Work instructions - Write out, from the entries below, exactly the lines that run between the lines holding "with u obtain" and "y) \<le> e/8", inclusive, and stop there.

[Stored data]
lemma asymp_approx_mono:
  assumes "asymp_approx Y X" "Y' \<subseteq> Y" "X \<subseteq> X'"
  shows "asymp_approx Y' X'"
  unfolding asymp_approx_def
proof (intro allI impI)
  fix e :: real assume "e > 0"
  then obtain d where "d > 0" "\<forall>y\<in>Y. 0 < norm y \<and> norm y < d \<longrightarrow> (\<exists>x\<in>X. norm (x - y) \<le> e * norm y)"
    using assms(1) unfolding asymp_approx_def by blast
  then show "\<exists>d>0. \<forall>y\<in>Y'. 0 < norm y \<and> norm y < d \<longrightarrow> (\<exists>x\<in>X'. norm (x - y) \<le> e * norm y)"
    using assms(2,3) by blast
qed

lemma asymp_approx_Int_left:
  assumes "asymp_approx (Y \<inter> W) X" "open W" "0 \<in> W"
  shows "asymp_approx Y X"
  unfolding asymp_approx_def
proof (intro allI impI)
  fix e :: real assume "e > 0"
  obtain r where r: "r > 0" "ball 0 r \<subseteq> W" using assms(2,3) openE by blast
  obtain d where d: "d > 0" "\<forall>y\<in>Y \<inter> W. 0 < norm y \<and> norm y < d \<longrightarrow> (\<exists>x\<in>X. norm (x - y) \<le> e * norm y)"
    using assms(1) \<open>e > 0\<close> unfolding asymp_approx_def by blast
  have "\<forall>y\<in>Y. 0 < norm y \<and> norm y < min d r \<longrightarrow> (\<exists>x\<in>X. norm (x - y) \<le> e * norm y)"
    using d(2) r(2) by auto
  then show "\<exists>d>0. \<forall>y\<in>Y. 0 < norm y \<and> norm y < d \<longrightarrow> (\<exists>x\<in>X. norm (x - y) \<le> e * norm y)"
    using d(1) r(1) by (intro exI[of _ "min d r"]) auto
qed

lemma asymp_approx_Int_right:
  assumes "asymp_approx Y X" "open W" "0 \<in> W"
  shows "asymp_approx Y (X \<inter> W)"
  unfolding asymp_approx_def
proof (intro allI impI)
  fix e :: real assume "e > 0"
  obtain r where r: "r > 0" "ball 0 r \<subseteq> W" using assms(2,3) openE by blast
  have "min e 1 > 0" using \<open>e > 0\<close> by simp
  then obtain d where d: "d > 0"
      "\<forall>y\<in>Y. 0 < norm y \<and> norm y < d \<longrightarrow> (\<exists>x\<in>X. norm (x - y) \<le> min e 1 * norm y)"
    using assms(1) unfolding asymp_approx_def by blast
  have "\<exists>x\<in>X \<inter> W. norm (x - y) \<le> e * norm y"
    if y: "y \<in> Y" "0 < norm y" "norm y < min d (r/2)" for y
  proof -
    obtain x where x: "x \<in> X" "norm (x - y) \<le> min e 1 * norm y" using d y by auto
    have "min e 1 * norm y \<le> e * norm y" "min e 1 * norm y \<le> 1 * norm y"
      by (intro mult_right_mono; simp)+
    then have "norm (x - y) \<le> e * norm y" "norm (x - y) \<le> norm y" using x(2) by linarith+
    moreover have "norm x \<le> norm y + norm (x - y)" by (rule norm_triangle_sub)
    ultimately have "x \<in> W" using y(3) r(2) by auto
    then show ?thesis using x(1) \<open>norm (x - y) \<le> e * norm y\<close> by blast
  qed
  then show "\<exists>d>0. \<forall>y\<in>Y. 0 < norm y \<and> norm y < d \<longrightarrow> (\<exists>x\<in>X \<inter> W. norm (x - y) \<le> e * norm y)"
    using d(1) r(1) by (intro exI[of _ "min d (r/2)"]) auto
qed

lemma asymp_equiv_Int_nhd_iff:
  assumes "open W" "0 \<in> W"
  shows "asymp_equiv X (Y \<inter> W) \<longleftrightarrow> asymp_equiv X Y"
  unfolding asymp_equiv_def
  by (meson Int_lower1 asymp_approx_Int_left asymp_approx_Int_right asymp_approx_mono
      assms order_refl)

lemma asymp_approx_dirs_subset:
  assumes "asymp_approx Y X" shows "dirs Y \<subseteq> dirs X"
proof
  fix u assume u: "u \<in> dirs Y"
  have "\<exists>x\<in>X. x \<noteq> 0 \<and> norm x < d \<and> norm (x /\<^sub>R norm x - u) < e" if "e > 0" "d > 0" for e d
  proof -
    have "min (1/2) (e/8) > 0" using \<open>e > 0\<close> by simp
    then obtain d1 where d1: "d1 > 0"
        "\<forall>y\<in>Y. 0 < norm y \<and> norm y < d1 \<longrightarrow> (\<exists>x\<in>X. norm (x - y) \<le> min (1/2) (e/8) * norm y)"
      using assms unfolding asymp_approx_def by blast
    have "e/2 > 0" "min d1 (d/2) > 0" using that d1(1) by auto
    with u obtain y where y: "y \<in> Y" "y \<noteq> 0" "norm y < min d1 (d/2)" "norm (y /\<^sub>R norm y - u) < e/2"
      by (rule dirs_nearby_point)
    then obtain x where x: "x \<in> X" "norm (x - y) \<le> min (1/2) (e/8) * norm y" using d1 by auto
    have "min (1/2) (e/8) * norm y \<le> 1/2 * norm y" "min (1/2) (e/8) * norm y \<le> e/8 * norm y"
      by (intro mult_right_mono; simp)+
    then have close: "norm (x - y) \<le> norm y / 2" "norm (x - y) \<le> e/8 * norm y" using x(2) by linarith+
    have "norm y \<le> norm x + norm (x - y)" "norm x \<le> norm y + norm (x - y)"
      by (metis norm_minus_commute norm_triangle_sub)+
    then have x_small: "x \<noteq> 0" "norm x < d" using close(1) y(2,3) by auto
    have "norm (x /\<^sub>R norm x - y /\<^sub>R norm y) \<le> 2 * norm (x - y) / norm y"
      using x_small(1) y(2) by (rule norm_normalize_diff_le)
    also have "\<dots> \<le> 2 * (e/8 * norm y) / norm y" using close(2) by (intro divide_right_mono) auto
    also have "\<dots> = e/4" using y(2) by simp
    also have "\<dots> < e/2" using \<open>e > 0\<close> by simp
    finally have "norm (x /\<^sub>R norm x - u) < e/2 + e/2" by (rule norm_diff_triangle_less[OF _ y(4)])
    then show ?thesis using x(1) x_small by auto
  qed
  moreover have "norm u = 1" using u by (simp add: dirs_def)
  ultimately show "u \<in> dirs X" by (simp add: dirs_iff)
qed
(* Differentiating \<rho>(x, f x) = 0 once and three times along the graph. *)
lemma graph_derivative_identities:
  fixes f f1 f2 f3 :: "real \<Rightarrow> real"
  assumes U: "open U" and inU: "\<And>x. (x, f x) \<in> U" and \<rho>: "Cm 3 U \<rho>"
    and vanish: "\<And>x. \<rho> (x, f x) = 0"
    and f: "\<And>x. (f has_real_derivative f1 x) (at x)"
    and f1: "\<And>x. (f1 has_real_derivative f2 x) (at x)"
    and f2: "\<And>x. (f2 has_real_derivative f3 x) (at x)"
  shows "tang f f1 \<rho> x = 0"
    and "along f (D2 \<rho>) x * f3 x =
      - (tang f f1 (D1 (D1 \<rho>)) x + tang f f1 (D2 (D1 \<rho>)) x * f1 x + along f (D2 (D1 \<rho>)) x * f2 x
         + (tang f f1 (D1 (D2 \<rho>)) x + tang f f1 (D2 (D2 \<rho>)) x * f1 x
            + along f (D2 (D2 \<rho>)) x * f2 x) * f1 x
         + 2 * (f2 x * tang f f1 (D2 \<rho>) x))"
proof -
  have C: "Cm 1 U \<rho>" "Cm 2 U \<rho>" by (rule Cm_le[OF _ \<rho>], simp)+
  have "Cm (2 + 1) U \<rho>" using \<rho> by simp
  have CD: "Cm 2 U (D1 \<rho>)" "Cm 2 U (D2 \<rho>)"
    by (rule Cm_pderivs[OF \<open>Cm (2 + 1) U \<rho>\<close>], simp)+
  have "Cm 1 U (D2 \<rho>)" by (rule Cm_le[OF _ CD(2)]) simp
  note tang' = has_deriv_tang[of U _ f _ f1 f2, OF U inU _ f f1]
  have E1: "tang f f1 \<rho> y = 0" for y
    by (rule zero_deriv_of_zero[OF has_deriv_along[of U y f \<rho> f1, OF U inU C(1) f]])
       (simp add: along_def vanish)
  thus "tang f f1 \<rho> x = 0" .
  \<comment> \<open>the derivative of \<open>tang f f1 \<rho>\<close>, i.e. the second derivative of \<open>\<rho>(x, f x)\<close>\<close>
  define E2 where
    "E2 y = tang f f1 (D1 \<rho>) y + tang f f1 (D2 \<rho>) y * f1 y + along f (D2 \<rho>) y * f2 y" for y
  have E2_zero: "E2 y = 0" for y
    unfolding E2_def by (rule zero_deriv_of_zero[OF tang'[where x=y, OF C(2)] E1])
  have "(E2 has_real_derivative
      (tang f f1 (D1 (D1 \<rho>)) x + tang f f1 (D2 (D1 \<rho>)) x * f1 x + along f (D2 (D1 \<rho>)) x * f2 x)
      + ((tang f f1 (D1 (D2 \<rho>)) x + tang f f1 (D2 (D2 \<rho>)) x * f1 x
          + along f (D2 (D2 \<rho>)) x * f2 x) * f1 x + f2 x * tang f f1 (D2 \<rho>) x)
      + (tang f f1 (D2 \<rho>) x * f2 x + f3 x * along f (D2 \<rho>) x)) (at x)"
    unfolding E2_def[abs_def]
    by (intro DERIV_add DERIV_mult tang'[where x=x, OF CD(1)] tang'[where x=x, OF CD(2)]
        has_deriv_along[of U x f "D2 \<rho>" f1, OF U inU \<open>Cm 1 U (D2 \<rho>)\<close> f] f1 f2)
  from zero_deriv_of_zero[OF this E2_zero]
  show "along f (D2 \<rho>) x * f3 x = - (tang f f1 (D1 (D1 \<rho>)) x
      + tang f f1 (D2 (D1 \<rho>)) x * f1 x + along f (D2 (D1 \<rho>)) x * f2 x
      + (tang f f1 (D1 (D2 \<rho>)) x + tang f f1 (D2 (D2 \<rho>)) x * f1 x
         + along f (D2 (D2 \<rho>)) x * f2 x) * f1 x
      + 2 * (f2 x * tang f f1 (D2 \<rho>) x))"
    by (simp add: algebra_simps)
qed
(* Let $G$ be a finite abelian group and let $f$ be an automorphism of the monoid $\mathcal{P}_{0}(G)$. Then $f$ maps every $2$-element set in $\mathcal{P}_{0}(G)$ to a $2$-element set.
   Context: For an additively written finite abelian group $G$, $\mathcal{P}_{0}(G)$ is the monoid of all subsets of $G$ containing $0$, with setwise addition $X+Y=\{x+y : x\in X, y\in Y\}$ and identity $\{0\}$. *)

theory Defs
  imports Main "HOL-Library.Set_Algebras"
begin

text \<open>Setwise addition X + Y = {x + y. x in X, y in Y} is the instance from Set_Algebras.\<close>

definition P0 :: "'a::zero set set" where
  "P0 = {X. 0 \<in> X}"

definition P0_automorphism :: "('a::{zero,plus} set \<Rightarrow> 'a set) \<Rightarrow> bool" where
  "P0_automorphism f \<longleftrightarrow>
     bij_betw f P0 P0 \<and>
     (\<forall>X\<in>P0. \<forall>Y\<in>P0. f (X + Y) = f X + f Y) \<and>
     f {0} = {0}"

end

theory Submission
  imports Defs
begin

text \<open>For X containing 0 the iterated sumsets kX increase and, in a finite group, become
stationary at the first index s with sX + X = sX; then sX is idempotent. The divisors of an
idempotent H in P0(G) are exactly the 2^(|H| - 1) subsets of H containing 0, so an automorphism
f, which maps divisors of H onto divisors of f H, preserves the size of idempotents. It also
commutes with k-fold sums, hence f X has the same index s. For X = {0, a} we get
|f X| + (s - 1) \<le> |s f X| = |sX| \<le> s + 1, i.e. |f X| \<le> 2, and |f X| \<ge> 2 because f X \<noteq> {0}.\<close>

fun sumset_iter :: "nat \<Rightarrow> 'a::comm_monoid_add set \<Rightarrow> 'a set" where
  "sumset_iter 0 X = {0}"
| "sumset_iter (Suc k) X = sumset_iter k X + X"

lemma zero_in_sumset_iter:
  fixes X :: "'a::comm_monoid_add set"
  assumes "0 \<in> X"
  shows "0 \<in> sumset_iter k X"
proof (induction k)
  case (Suc k)
  then have "0 + 0 \<in> sumset_iter k X + X" using assms by (intro set_plus_intro)
  then show ?case by simp
qed simp

lemma finite_sumset_iter: "finite X \<Longrightarrow> finite (sumset_iter k X)"
  by (induction k) (simp_all add: finite_set_plus)

lemma sumset_iter_subset_Suc:
  fixes X :: "'a::comm_monoid_add set"
  assumes "0 \<in> X"
  shows "sumset_iter k X \<subseteq> sumset_iter (Suc k) X"
  using set_zero_plus2[OF assms, of "sumset_iter k X"] by (simp add: add.commute)

lemma sumset_iter_plus_stable:
  fixes X :: "'a::comm_monoid_add set"
  assumes "sumset_iter k X + X = sumset_iter k X"
  shows "sumset_iter k X + sumset_iter j X = sumset_iter k X"
proof (induction j)
  case (Suc j)
  have "sumset_iter k X + sumset_iter (Suc j) X = (sumset_iter k X + sumset_iter j X) + X"
    by (simp add: add.assoc)
  then show ?case using Suc assms by simp
qed simp

lemma card_sumset_iter_growth:
  fixes X :: "'a::comm_monoid_add set"
  assumes "finite X" "0 \<in> X"
    and not_stable: "\<forall>i<k. sumset_iter i X + X \<noteq> sumset_iter i X"
    and "j \<le> k"
  shows "card (sumset_iter j X) + (k - j) \<le> card (sumset_iter k X)"
  using \<open>j \<le> k\<close> not_stable
proof (induction k rule: dec_induct)
  case (step k)
  have "sumset_iter k X \<subset> sumset_iter (Suc k) X"
    using sumset_iter_subset_Suc[OF \<open>0 \<in> X\<close>] step.prems by auto
  then have "card (sumset_iter k X) < card (sumset_iter (Suc k) X)"
    by (intro psubset_card_mono finite_sumset_iter \<open>finite X\<close>)
  then show ?case using step by simp
qed simp

lemma sumset_iter_stabilizes:
  fixes X :: "'a::{comm_monoid_add, finite} set"
  assumes "0 \<in> X"
  obtains s where "sumset_iter s X + X = sumset_iter s X"
    and "\<forall>i<s. sumset_iter i X + X \<noteq> sumset_iter i X"
proof -
  have "\<exists>k. sumset_iter k X + X = sumset_iter k X"
  proof (rule ccontr)
    assume "\<nexists>k. sumset_iter k X + X = sumset_iter k X"
    then have "card (sumset_iter 0 X) + card (UNIV :: 'a set) \<le> card (sumset_iter (card (UNIV :: 'a set)) X)"
      using card_sumset_iter_growth[OF _ assms] by fastforce
    moreover have "card (sumset_iter (card (UNIV :: 'a set)) X) \<le> card (UNIV :: 'a set)"
      by (rule card_mono) simp_all
    ultimately show False by simp
  qed
  define s where "s = (LEAST k. sumset_iter k X + X = sumset_iter k X)"
  show ?thesis
  proof (rule that)
    show "sumset_iter s X + X = sumset_iter s X"
      unfolding s_def by (rule LeastI_ex) fact
    show "\<forall>i<s. sumset_iter i X + X \<noteq> sumset_iter i X"
      unfolding s_def using not_less_Least by blast
  qed
qed

lemma card_sumset_iter_pair_le:
  fixes a :: "'a::comm_monoid_add"
  shows "card (sumset_iter k {0, a}) \<le> Suc k"
proof -
  have "sumset_iter k {0, a} \<subseteq> (\<lambda>i. ((+) a ^^ i) 0) ` {..k}"
  proof (induction k)
    case (Suc k)
    show ?case
    proof
      fix x assume "x \<in> sumset_iter (Suc k) {0, a}"
      then obtain y i where "i \<le> k" "y = ((+) a ^^ i) 0" "x = y \<or> x = y + a"
        using Suc.IH by (auto simp: set_plus_def)
      then have "x = ((+) a ^^ i) 0 \<or> x = ((+) a ^^ Suc i) 0"
        by (auto simp: add.commute)
      then show "x \<in> (\<lambda>i. ((+) a ^^ i) 0) ` {..Suc k}"
        using \<open>i \<le> k\<close> by (auto intro: rev_image_eqI)
    qed
  qed simp
  then show ?thesis
    by (metis card_atMost card_image_le card_mono finite_atMost finite_imageI le_trans)
qed

definition P0_divisors :: "'a::{zero, plus} set \<Rightarrow> 'a set set" where
  "P0_divisors H = {Y \<in> P0. \<exists>Z\<in>P0. Y + Z = H}"

lemma P0_divisors_idempotent:
  fixes H :: "'a::comm_monoid_add set"
  assumes "0 \<in> H" "H + H = H"
  shows "P0_divisors H = {Y. 0 \<in> Y \<and> Y \<subseteq> H}"
proof (intro set_eqI iffI)
  fix Y assume "Y \<in> P0_divisors H"
  then obtain Z where "0 \<in> Y" "0 \<in> Z" "Y + Z = H" by (auto simp: P0_divisors_def P0_def)
  then show "Y \<in> {Y. 0 \<in> Y \<and> Y \<subseteq> H}"
    using set_zero_plus2[of Z Y] by (auto simp: add.commute)
next
  fix Y assume Y: "Y \<in> {Y. 0 \<in> Y \<and> Y \<subseteq> H}"
  have "Y + H \<subseteq> H + H" using Y by (intro set_plus_mono2) auto
  moreover have "H \<subseteq> Y + H" using Y set_zero_plus2 by auto
  ultimately have "Y + H = H" using assms by auto
  then show "Y \<in> P0_divisors H" using Y assms by (auto simp: P0_divisors_def P0_def)
qed

lemma card_subsets_containing_zero:
  fixes H :: "'a::zero set"
  assumes "finite H" "0 \<in> H"
  shows "card {Y. 0 \<in> Y \<and> Y \<subseteq> H} = 2 ^ (card H - 1)"
proof -
  have "bij_betw (\<lambda>Y. Y - {0}) {Y. 0 \<in> Y \<and> Y \<subseteq> H} (Pow (H - {0}))"
    by (rule bij_betw_byWitness[where f'="insert 0"]) (auto simp: assms)
  then have "card {Y. 0 \<in> Y \<and> Y \<subseteq> H} = card (Pow (H - {0}))" by (rule bij_betw_same_card)
  also have "\<dots> = 2 ^ (card H - 1)" using assms by (simp add: card_Pow)
  finally show ?thesis .
qed

lemma P0_plus:
  fixes X :: "'a::comm_monoid_add set"
  assumes "X \<in> P0" "Y \<in> P0"
  shows "X + Y \<in> P0"
  using assms set_plus_intro[of 0 X 0 Y] by (simp add: P0_def)

lemma sumset_iter_in_P0: "X \<in> P0 \<Longrightarrow> sumset_iter k X \<in> P0"
  by (simp add: P0_def zero_in_sumset_iter)

context
  fixes f :: "'a::comm_monoid_add set \<Rightarrow> 'a set"
  assumes f: "P0_automorphism f"
begin

lemma P0_automorphism_in_P0: "X \<in> P0 \<Longrightarrow> f X \<in> P0"
  using f by (auto simp: P0_automorphism_def bij_betw_def)

lemma P0_automorphism_eq_iff: "X \<in> P0 \<Longrightarrow> Y \<in> P0 \<Longrightarrow> f X = f Y \<longleftrightarrow> X = Y"
  using f by (auto simp: P0_automorphism_def bij_betw_def dest: inj_onD)

lemma P0_automorphism_plus: "X \<in> P0 \<Longrightarrow> Y \<in> P0 \<Longrightarrow> f (X + Y) = f X + f Y"
  using f by (simp add: P0_automorphism_def)

lemma P0_automorphism_zero: "f {0} = {0}"
  using f by (simp add: P0_automorphism_def)

lemma P0_automorphism_sumset_iter:
  assumes "X \<in> P0"
  shows "f (sumset_iter k X) = sumset_iter k (f X)"
  by (induction k) (simp_all add: P0_automorphism_zero P0_automorphism_plus sumset_iter_in_P0 assms)

lemma P0_automorphism_sumset_iter_stable_iff:
  assumes "X \<in> P0"
  shows "sumset_iter k X + X = sumset_iter k X \<longleftrightarrow> sumset_iter k (f X) + f X = sumset_iter k (f X)"
proof -
  have "sumset_iter k X + X \<in> P0" using sumset_iter_in_P0[OF assms, of "Suc k"] by simp
  then have "sumset_iter k X + X = sumset_iter k X \<longleftrightarrow> f (sumset_iter k X + X) = f (sumset_iter k X)"
    by (simp add: P0_automorphism_eq_iff sumset_iter_in_P0 assms)
  then show ?thesis
    by (simp add: P0_automorphism_plus P0_automorphism_sumset_iter sumset_iter_in_P0 assms)
qed

lemma P0_automorphism_image_divisors:
  assumes "H \<in> P0"
  shows "f ` P0_divisors H = P0_divisors (f H)"
proof (intro set_eqI iffI)
  fix W assume "W \<in> f ` P0_divisors H"
  then obtain Y Z where "Y \<in> P0" "Z \<in> P0" "Y + Z = H" "W = f Y"
    by (auto simp: P0_divisors_def)
  then show "W \<in> P0_divisors (f H)"
    unfolding P0_divisors_def using P0_automorphism_in_P0 P0_automorphism_plus by auto
next
  fix W assume "W \<in> P0_divisors (f H)"
  then obtain V where W: "W \<in> P0" "V \<in> P0" "W + V = f H" by (auto simp: P0_divisors_def)
  have "f ` P0 = P0" using f by (simp add: P0_automorphism_def bij_betw_def)
  then obtain Y Z where Y: "Y \<in> P0" "W = f Y" and Z: "Z \<in> P0" "V = f Z"
    using W by (metis imageE)
  have "f (Y + Z) = f H" using W Y Z by (simp add: P0_automorphism_plus)
  then have "Y + Z = H" using Y Z assms by (simp add: P0_automorphism_eq_iff P0_plus)
  then show "W \<in> f ` P0_divisors H" using Y Z by (auto simp: P0_divisors_def)
qed

lemma P0_automorphism_card_idempotent:
  assumes "finite (UNIV :: 'a set)" "0 \<in> H" "H + H = H"
  shows "card (f H) = card H"
proof -
  have H: "H \<in> P0" using assms by (simp add: P0_def)
  then have fH: "0 \<in> f H" "f H + f H = f H"
    using P0_automorphism_in_P0 P0_automorphism_plus[OF H H] assms by (auto simp: P0_def)
  have "inj_on f (P0_divisors H)"
    using f by (auto simp: P0_automorphism_def bij_betw_def P0_divisors_def intro: inj_on_subset)
  then have "card (P0_divisors (f H)) = card (P0_divisors H)"
    by (metis P0_automorphism_image_divisors[OF H] card_image)
  then have "(2::nat) ^ (card (f H) - 1) = 2 ^ (card H - 1)"
    by (simp add: P0_divisors_idempotent card_subsets_containing_zero assms fH
        finite_subset[OF subset_UNIV])
  moreover have "card H \<noteq> 0" "card (f H) \<noteq> 0"
    using assms fH by (auto simp: finite_subset[OF subset_UNIV])
  ultimately show ?thesis by simp
qed

lemma P0_automorphism_card_le_stable_sumset_iter:
  assumes fin: "finite (UNIV :: 'a set)" and X: "X \<in> P0" and "1 \<le> s"
    and not_stable: "\<forall>i<s. sumset_iter i X + X \<noteq> sumset_iter i X"
    and stable: "sumset_iter s X + X = sumset_iter s X"
  shows "card (f X) + (s - 1) \<le> card (sumset_iter s X)"
proof -
  have "f X \<in> P0" using X by (rule P0_automorphism_in_P0)
  then have "card (sumset_iter 1 (f X)) + (s - 1) \<le> card (sumset_iter s (f X))"
    using card_sumset_iter_growth[of "f X" s 1] not_stable \<open>1 \<le> s\<close> X
    by (simp add: P0_automorphism_sumset_iter_stable_iff P0_def finite_subset[OF subset_UNIV fin])
  moreover have "card (f (sumset_iter s X)) = card (sumset_iter s X)"
    using fin X sumset_iter_plus_stable[OF stable]
    by (intro P0_automorphism_card_idempotent) (simp_all add: P0_def zero_in_sumset_iter)
  ultimately show ?thesis using X by (simp add: P0_automorphism_sumset_iter)
qed

lemma P0_automorphism_two_le_card:
  assumes fin: "finite (UNIV :: 'a set)" and X: "X \<in> P0" "X \<noteq> {0}"
  shows "2 \<le> card (f X)"
proof -
  have "f X \<noteq> f {0}" using X by (simp add: P0_automorphism_eq_iff P0_def)
  moreover have "0 \<in> f X" using P0_automorphism_in_P0[OF X(1)] by (simp add: P0_def)
  ultimately obtain b where "b \<in> f X" "b \<noteq> 0" by (auto simp: P0_automorphism_zero)
  then have "card {0, b} \<le> card (f X)"
    using \<open>0 \<in> f X\<close> by (intro card_mono finite_subset[OF subset_UNIV fin]) auto
  then show ?thesis using \<open>b \<noteq> 0\<close> by simp
qed

end

theorem lemma2p3:
  fixes f :: "('a::{ab_group_add, finite}) set \<Rightarrow> 'a set"
  assumes "P0_automorphism f"
    and "X \<in> P0"
    and "card X = 2"
  shows "card (f X) = 2"
proof -
  obtain x y where xy: "X = {x, y}" "x \<noteq> y"
    using card_2_iff[THEN iffD1, OF assms(3)] by (elim exE conjE)
  have "0 \<in> X" using assms(2) by (simp add: P0_def)
  then obtain a where X: "X = {0, a}" "a \<noteq> 0"
    using xy by (metis insertE insert_commute singletonD)
  obtain s where stable: "sumset_iter s X + X = sumset_iter s X"
    and not_stable: "\<forall>i<s. sumset_iter i X + X \<noteq> sumset_iter i X"
    using sumset_iter_stabilizes[OF \<open>0 \<in> X\<close>] .
  have "s \<noteq> 0"
  proof
    assume "s = 0"
    with stable X show False by simp
  qed
  then have "card (f X) + (s - 1) \<le> Suc s"
    using P0_automorphism_card_le_stable_sumset_iter[OF assms(1) _ assms(2) _ not_stable stable]
      card_sumset_iter_pair_le[of s a] X by simp
  moreover have "2 \<le> card (f X)"
    using P0_automorphism_two_le_card[OF assms(1) _ assms(2)] X by auto
  ultimately show ?thesis using \<open>s \<noteq> 0\<close> by simp
qed

end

Your solution -
    with u obtain y where y: "y \<in> Y" "y \<noteq> 0" "norm y < min d1 (d/2)" "norm (y /\<^sub>R norm y - u) < e/2"
      by (rule dirs_nearby_point)
    then obtain x where x: "x \<in> X" "norm (x - y) \<le> min (1/2) (e/8) * norm y" using d1 by auto
    have "min (1/2) (e/8) * norm y \<le> 1/2 * norm y" "min (1/2) (e/8) * norm y \<le> e/8 * norm y"
      by (intro mult_right_mono; simp)+
    then have close: "norm (x - y) \<le> norm y / 2" "norm (x - y) \<le> e/8 * norm y" using x(2) by linarith+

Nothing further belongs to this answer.